So, I am doing a course on Python3 and in the scraping section, we have an assignment to scrape the http://quotes.toscrape.com/ website and get the text, author, and link of author's bio for all of the quotes, including the ones on "next" pages. I have done this but after I go to every new page, I get one line of empty row that I initially envisioned as headers.
import requests
from bs4 import BeautifulSoup
import csv
from time import sleep
base_url = "http://quotes.toscrape.com"
url = "/page/1"
f = open("scraping_project_final.csv", "w")
f.truncate()
f.close()
while url:
with open("scraping_project_final.csv", "a") as file:
csv_writer = csv.writer(file)
csv_writer.writerow(["text", "name", "url"])

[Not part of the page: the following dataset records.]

lemma inner_oinv_deriv_self:
  assumes "a \<noteq> 0"
  shows "oinv_deriv a x \<bullet> oinv_deriv a x = (x \<bullet> x) / (a \<bullet> a)\<^sup>2"
  using assms
  unfolding oinv_deriv_def inner_diff_left inner_diff_right inner_scaleR_left inner_scaleR_right inner_ocnj
  by (simp add: inner_commute[of x a] power2_eq_square algebra_simps)

lemma inner_omult_oinv_omult_oinv_deriv:
  assumes "a \<noteq> 0"
  shows "omult y (oinv a) \<bullet> omult b (oinv_deriv a x)
    = - (omult a (ocnj b) \<bullet> omult x (ocnj y)) / (a \<bullet> a)\<^sup>2"
proof -
  let ?n = "a \<bullet> a" and ?P = "omult a (ocnj b) \<bullet> omult x (ocnj y)"
  have exchange: "omult y (ocnj a) \<bullet> omult b (ocnj x) = 2 * (y \<bullet> b) * (a \<bullet> x) - ?P"
    using inner_omult_exchange[of y "ocnj a" b "ocnj x"]
    by (metis inner_ocnj ocnj_omult ocnj_ocnj inner_commute eq_diff_eq)
  have "omult y (oinv a) \<bullet> omult b (oinv_deriv a x)
      = 1 / ?n * (1 / ?n * (omult y (ocnj a) \<bullet> omult b (ocnj x)))
          - 2 * (a \<bullet> x) / ?n\<^sup>2 * (1 / ?n * (omult y (ocnj a) \<bullet> omult b (ocnj a)))"
    by (simp only: oinv_eq oinv_deriv_def omult.scaleR_right omult.diff_right inner_diff_right
        inner_scaleR_left inner_scaleR_right)
  also have "\<dots> = 1 / ?n * (1 / ?n * (2 * (y \<bullet> b) * (a \<bullet> x) - ?P))
          - 2 * (a \<bullet> x) / ?n\<^sup>2 * (1 / ?n * (?n * (y \<bullet> b)))"
    by (simp only: exchange inner_omult_cancel_right inner_ocnj)
  also have "\<dots> = - ?P / ?n\<^sup>2"
    using assms by (simp add: field_simps power2_eq_square)
  finally show ?thesis .
qed

definition inversion_map :: "oct \<times> oct \<Rightarrow> oct \<times> oct" where
  "inversion_map p = (oinv (fst p), omult (snd p) (oinv (fst p)))"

response = requests.get(f"{base_url}{url}")
print(f"Scraping {base_url}{url}")
soup = BeautifulSoup(response.text, "html.parser")
quotes = soup.find_all(class_="quote")
for quote in quotes:
txt = quote.find(class_="text").get_text()
author = quote.find(class_="author").get_text()
link = quote.find("a")["href"]
csv_writer.writerow([txt, author, link])
next_page = soup.find(class_="next")
url = next_page.find("a")["href"] if next_page else None
# sleep(2)
So, the issue that I have is that the initial writerrow actually creates one empty row each iteration, how do I avoid this? I would like to continue on this approach and not use DictReader if possible. I have added an image below, that is the CSV output. You can see that after ten rows, there is a row with just: text, names, url.